(* Let $n,m$ be positive integers with $2m<n$, $d=2^n$, $\tilde d=2^{n-2m}$, and $0<h\le1$. If $\delta:=h^2-2^{-2m}>0$, then $$\frac{\operatorname{Area}\big(\mathrm{CAP}^{(2\tilde d)}(h)\big)}{S_{2d-1}}\le\exp\big(-2(d+1)\delta^2\big).$$
   Context: For $1\le q\le p-1$, $\mathrm{CAP}^{(q)}(h)=\{x\in S^{p-1}\subset\mathbb{R}^p: h^2\le\sum_{j=1}^q x_j^2\le1\}$, here with $p=2d$. $\operatorname{Area}$ is the surface measure on $S^{2d-1}$ and $S_{2d-1}=2\pi^d/\Gamma(d)$ is the total area of $S^{2d-1}$. *)

theory Defs
  imports "HOL-Analysis.Analysis"
begin

text \<open>Points of R^p are represented as extensional functions on the index set {..<p}
  (coordinates 0..p-1), with Lebesgue measure given by the product measure.\<close>

definition vnorm :: "nat \<Rightarrow> (nat \<Rightarrow> real) \<Rightarrow> real" where
  "vnorm p x = sqrt (\<Sum>i<p. (x i)\<^sup>2)"

definition unit_sphere :: "nat \<Rightarrow> (nat \<Rightarrow> real) set" where
  "unit_sphere p = {x \<in> {..<p} \<rightarrow>\<^sub>E UNIV. (\<Sum>i<p. (x i)\<^sup>2) = 1}"

definition CAP :: "nat \<Rightarrow> nat \<Rightarrow> real \<Rightarrow> (nat \<Rightarrow> real) set" where
  "CAP p q h = {x \<in> unit_sphere p. h\<^sup>2 \<le> (\<Sum>j<q. (x j)\<^sup>2) \<and> (\<Sum>j<q. (x j)\<^sup>2) \<le> 1}"

text \<open>Surface measure on S^(p-1), defined via the cone construction:
  Area(A) = p * Leb({r y : 0 < r <= 1, y in A}).\<close>
definition cone :: "nat \<Rightarrow> (nat \<Rightarrow> real) set \<Rightarrow> (nat \<Rightarrow> real) set" where
  "cone p A = {x \<in> {..<p} \<rightarrow>\<^sub>E UNIV. 0 < vnorm p x \<and> vnorm p x \<le> 1 \<and>
                 restrict (\<lambda>i. x i / vnorm p x) {..<p} \<in> A}"

definition sphere_area :: "nat \<Rightarrow> (nat \<Rightarrow> real) set \<Rightarrow> real" where
  "sphere_area p A = real p * measure (Pi\<^sub>M {..<p} (\<lambda>_. lborel)) (cone p A)"

end

theory Submission
  imports Defs "HOL-Probability.Hoeffding"
begin

(* Split the 2d coordinates into the first 2a, with squared norm u, and the remaining
   2b = 2(d - a), with squared norm v.  Under Lebesgue measure the pair (u, v) has density
   proportional to u^(a-1) v^(b-1) on the positive quadrant, and the cone over CAP^(2a)(h)
   is the region u + v <= 1, h^2 (u + v) <= u.  Integrating out v and then u expresses the
   normalised area of the cap through an incomplete beta integral, i.e. through the binomial
   tail P(Bin(d - 1, h^2) <= a - 1).  As a/d = 2^(-2m), this is a lower deviation of size
   delta = h^2 - a/d from the mean, and Hoeffding's inequality bounds it by
   exp(-2 (d + 1) delta^2). *)

section \<open>Radial integration in even dimension\<close>

lemma unit_ball_vol_even_dim: "unit_ball_vol (real (2 * k)) = pi ^ k / fact k"
proof -
  have "Gamma (real (2 * k) / 2 + 1) = fact k"
    using Gamma_fact[of k] by (simp add: add.commute)
  moreover have "pi powr (real (2 * k) / 2) = pi ^ k"
    by (simp add: powr_realpow)
  ultimately show ?thesis by (simp add: unit_ball_vol_def)
qed

lemma nn_integral_power_atLeastAtMost:
  fixes c x :: real and k :: nat
  assumes "0 \<le> x" "0 < k" "0 \<le> c"
  shows "(\<integral>\<^sup>+t. ennreal (c * t ^ (k - 1)) * indicator {0..x} t \<partial>lborel) = ennreal (c * x ^ k / k)"
proof -
  have "((\<lambda>t. c * t ^ (k - 1)) has_integral (c * x ^ k / k - c * 0 ^ k / k)) {0..x}"
  proof (rule fundamental_theorem_of_calculus)
    fix t assume "t \<in> {0..x}"
    have "((\<lambda>t. c * t ^ k / k) has_real_derivative (c * t ^ (k - 1))) (at t within {0..x})"
      using assms by (auto intro!: derivative_eq_intros)
    then show "((\<lambda>t. c * t ^ k / k) has_vector_derivative (c * t ^ (k - 1))) (at t within {0..x})"
      by (simp add: has_real_derivative_iff_has_vector_derivative)
  qed (use assms in auto)
  then show ?thesis
    using assms by (subst nn_integral_has_integral_lebesgue') (auto simp: zero_power)
qed

lemma measure_eqI_atMost:
  fixes M N :: "real measure"
  assumes "sets M = sets borel" "sets N = sets borel"
    and "\<And>x. emeasure M {..x} < \<infinity>"
    and "\<And>x. emeasure M {..x} = emeasure N {..x}"
  shows "M = N"
proof (rule measure_eqI_generator_eq_countable[where E = "range atMost" and \<Omega> = UNIV and A = "atMost ` \<rat>"])
  show "Int_stable (range atMost :: real set set)"
    by (auto simp: Int_stable_def)
  show "sets M = sigma_sets UNIV (range atMost)" "sets N = sigma_sets UNIV (range atMost)"
    unfolding assms(1,2) borel_eq_atMost by auto
  show "\<Union> (atMost ` \<rat>) = (UNIV :: real set)"
    by (auto intro: Rats_no_top_le)
qed (use assms(3,4) in \<open>auto intro: countable_rat simp: less_top\<close>)

lemma emeasure_PiM_sum_squares_le:
  assumes "finite A" "card A = 2 * k" "0 < k" "0 \<le> x"
  shows "emeasure (Pi\<^sub>M A (\<lambda>_. lborel)) ({f. (\<Sum>i\<in>A. (f i)\<^sup>2) \<le> x} \<inter> space (Pi\<^sub>M A (\<lambda>_. lborel)))
           = ennreal (pi ^ k / fact k * x ^ k)"
    (is "?m x = _")
proof -
  have pos: "?m x = ennreal (pi ^ k / fact k * x ^ k)" if "0 < x" for x
  proof -
    have "{f. (\<Sum>i\<in>A. (f i)\<^sup>2) \<le> x} = {f. sqrt (\<Sum>i\<in>A. (f i)\<^sup>2) \<le> sqrt x}"
      by (auto simp: real_sqrt_le_iff)
    moreover have "sqrt x ^ (2 * k) = x ^ k"
      using that by (simp add: power_mult)
    ultimately show ?thesis
      using emeasure_cball_aux[OF assms(1), of "sqrt x"] that assms(2) unit_ball_vol_even_dim[of k]
      by simp
  qed
  show ?thesis
  proof (cases "x = 0")
    case True
    \<comment> \<open>The ball of radius 0 is squeezed between balls of radius t \<longrightarrow> 0.\<close>
    have "?m 0 \<le> ennreal (pi ^ k / fact k * t ^ k)" if "0 < t" for t
      unfolding pos[OF that, symmetric] using that by (intro emeasure_mono) (auto, measurable)
    moreover have "((\<lambda>t. ennreal (pi ^ k / fact k * t ^ k)) \<longlongrightarrow> ennreal (pi ^ k / fact k * 0 ^ k)) (at_right 0)"
      by (intro tendsto_ennrealI tendsto_intros)
    ultimately have "?m 0 \<le> ennreal (pi ^ k / fact k * 0 ^ k)"
      by (intro tendsto_le[OF trivial_limit_at_right_real _ tendsto_const])
         (auto intro: eventually_mono[OF eventually_at_right_less])
    then show ?thesis using True assms(3) by (simp add: zero_power)
  qed (use pos assms(4) in auto)
qed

########

§ Description of the task: Every line above has to be restated word for word.

§ Response to this task:
(* Let $n,m$ be positive integers with $2m<n$, $d=2^n$, $\tilde d=2^{n-2m}$, and $0<h\le1$. If $\delta:=h^2-2^{-2m}>0$, then $$\frac{\operatorname{Area}\big(\mathrm{CAP}^{(2\tilde d)}(h)\big)}{S_{2d-1}}\le\exp\big(-2(d+1)\delta^2\big).$$
   Context: For $1\le q\le p-1$, $\mathrm{CAP}^{(q)}(h)=\{x\in S^{p-1}\subset\mathbb{R}^p: h^2\le\sum_{j=1}^q x_j^2\le1\}$, here with $p=2d$. $\operatorname{Area}$ is the surface measure on $S^{2d-1}$ and $S_{2d-1}=2\pi^d/\Gamma(d)$ is the total area of $S^{2d-1}$. *)

theory Defs
  imports "HOL-Analysis.Analysis"
begin

text \<open>Points of R^p are represented as extensional functions on the index set {..<p}
  (coordinates 0..p-1), with Lebesgue measure given by the product measure.\<close>

definition vnorm :: "nat \<Rightarrow> (nat \<Rightarrow> real) \<Rightarrow> real" where
  "vnorm p x = sqrt (\<Sum>i<p. (x i)\<^sup>2)"

definition unit_sphere :: "nat \<Rightarrow> (nat \<Rightarrow> real) set" where
  "unit_sphere p = {x \<in> {..<p} \<rightarrow>\<^sub>E UNIV. (\<Sum>i<p. (x i)\<^sup>2) = 1}"

definition CAP :: "nat \<Rightarrow> nat \<Rightarrow> real \<Rightarrow> (nat \<Rightarrow> real) set" where
  "CAP p q h = {x \<in> unit_sphere p. h\<^sup>2 \<le> (\<Sum>j<q. (x j)\<^sup>2) \<and> (\<Sum>j<q. (x j)\<^sup>2) \<le> 1}"

text \<open>Surface measure on S^(p-1), defined via the cone construction:
  Area(A) = p * Leb({r y : 0 < r <= 1, y in A}).\<close>
definition cone :: "nat \<Rightarrow> (nat \<Rightarrow> real) set \<Rightarrow> (nat \<Rightarrow> real) set" where
  "cone p A = {x \<in> {..<p} \<rightarrow>\<^sub>E UNIV. 0 < vnorm p x \<and> vnorm p x \<le> 1 \<and>
                 restrict (\<lambda>i. x i / vnorm p x) {..<p} \<in> A}"

definition sphere_area :: "nat \<Rightarrow> (nat \<Rightarrow> real) set \<Rightarrow> real" where
  "sphere_area p A = real p * measure (Pi\<^sub>M {..<p} (\<lambda>_. lborel)) (cone p A)"

end

theory Submission
  imports Defs "HOL-Probability.Hoeffding"
begin

(* Split the 2d coordinates into the first 2a, with squared norm u, and the remaining
   2b = 2(d - a), with squared norm v.  Under Lebesgue measure the pair (u, v) has density
   proportional to u^(a-1) v^(b-1) on the positive quadrant, and the cone over CAP^(2a)(h)
   is the region u + v <= 1, h^2 (u + v) <= u.  Integrating out v and then u expresses the
   normalised area of the cap through an incomplete beta integral, i.e. through the binomial
   tail P(Bin(d - 1, h^2) <= a - 1).  As a/d = 2^(-2m), this is a lower deviation of size
   delta = h^2 - a/d from the mean, and Hoeffding's inequality bounds it by
   exp(-2 (d + 1) delta^2). *)

section \<open>Radial integration in even dimension\<close>

lemma unit_ball_vol_even_dim: "unit_ball_vol (real (2 * k)) = pi ^ k / fact k"
proof -
  have "Gamma (real (2 * k) / 2 + 1) = fact k"
    using Gamma_fact[of k] by (simp add: add.commute)
  moreover have "pi powr (real (2 * k) / 2) = pi ^ k"
    by (simp add: powr_realpow)
  ultimately show ?thesis by (simp add: unit_ball_vol_def)
qed

lemma nn_integral_power_atLeastAtMost:
  fixes c x :: real and k :: nat
  assumes "0 \<le> x" "0 < k" "0 \<le> c"
  shows "(\<integral>\<^sup>+t. ennreal (c * t ^ (k - 1)) * indicator {0..x} t \<partial>lborel) = ennreal (c * x ^ k / k)"
proof -
  have "((\<lambda>t. c * t ^ (k - 1)) has_integral (c * x ^ k / k - c * 0 ^ k / k)) {0..x}"
  proof (rule fundamental_theorem_of_calculus)
    fix t assume "t \<in> {0..x}"
    have "((\<lambda>t. c * t ^ k / k) has_real_derivative (c * t ^ (k - 1))) (at t within {0..x})"
      using assms by (auto intro!: derivative_eq_intros)
    then show "((\<lambda>t. c * t ^ k / k) has_vector_derivative (c * t ^ (k - 1))) (at t within {0..x})"
      by (simp add: has_real_derivative_iff_has_vector_derivative)
  qed (use assms in auto)
  then show ?thesis
    using assms by (subst nn_integral_has_integral_lebesgue') (auto simp: zero_power)
qed

lemma measure_eqI_atMost:
  fixes M N :: "real measure"
  assumes "sets M = sets borel" "sets N = sets borel"
    and "\<And>x. emeasure M {..x} < \<infinity>"
    and "\<And>x. emeasure M {..x} = emeasure N {..x}"
  shows "M = N"
proof (rule measure_eqI_generator_eq_countable[where E = "range atMost" and \<Omega> = UNIV and A = "atMost ` \<rat>"])
  show "Int_stable (range atMost :: real set set)"
    by (auto simp: Int_stable_def)
  show "sets M = sigma_sets UNIV (range atMost)" "sets N = sigma_sets UNIV (range atMost)"
    unfolding assms(1,2) borel_eq_atMost by auto
  show "\<Union> (atMost ` \<rat>) = (UNIV :: real set)"
    by (auto intro: Rats_no_top_le)
qed (use assms(3,4) in \<open>auto intro: countable_rat simp: less_top\<close>)

lemma emeasure_PiM_sum_squares_le:
  assumes "finite A" "card A = 2 * k" "0 < k" "0 \<le> x"
  shows "emeasure (Pi\<^sub>M A (\<lambda>_. lborel)) ({f. (\<Sum>i\<in>A. (f i)\<^sup>2) \<le> x} \<inter> space (Pi\<^sub>M A (\<lambda>_. lborel)))
           = ennreal (pi ^ k / fact k * x ^ k)"
    (is "?m x = _")
proof -
  have pos: "?m x = ennreal (pi ^ k / fact k * x ^ k)" if "0 < x" for x
  proof -
    have "{f. (\<Sum>i\<in>A. (f i)\<^sup>2) \<le> x} = {f. sqrt (\<Sum>i\<in>A. (f i)\<^sup>2) \<le> sqrt x}"
      by (auto simp: real_sqrt_le_iff)
    moreover have "sqrt x ^ (2 * k) = x ^ k"
      using that by (simp add: power_mult)
    ultimately show ?thesis
      using emeasure_cball_aux[OF assms(1), of "sqrt x"] that assms(2) unit_ball_vol_even_dim[of k]
      by simp
  qed
  show ?thesis
  proof (cases "x = 0")
    case True
    \<comment> \<open>The ball of radius 0 is squeezed between balls of radius t \<longrightarrow> 0.\<close>
    have "?m 0 \<le> ennreal (pi ^ k / fact k * t ^ k)" if "0 < t" for t
      unfolding pos[OF that, symmetric] using that by (intro emeasure_mono) (auto, measurable)
    moreover have "((\<lambda>t. ennreal (pi ^ k / fact k * t ^ k)) \<longlongrightarrow> ennreal (pi ^ k / fact k * 0 ^ k)) (at_right 0)"
      by (intro tendsto_ennrealI tendsto_intros)
    ultimately have "?m 0 \<le> ennreal (pi ^ k / fact k * 0 ^ k)"
      by (intro tendsto_le[OF trivial_limit_at_right_real _ tendsto_const])
         (auto intro: eventually_mono[OF eventually_at_right_less])
    then show ?thesis using True assms(3) by (simp add: zero_power)
  qed (use pos assms(4) in auto)
qed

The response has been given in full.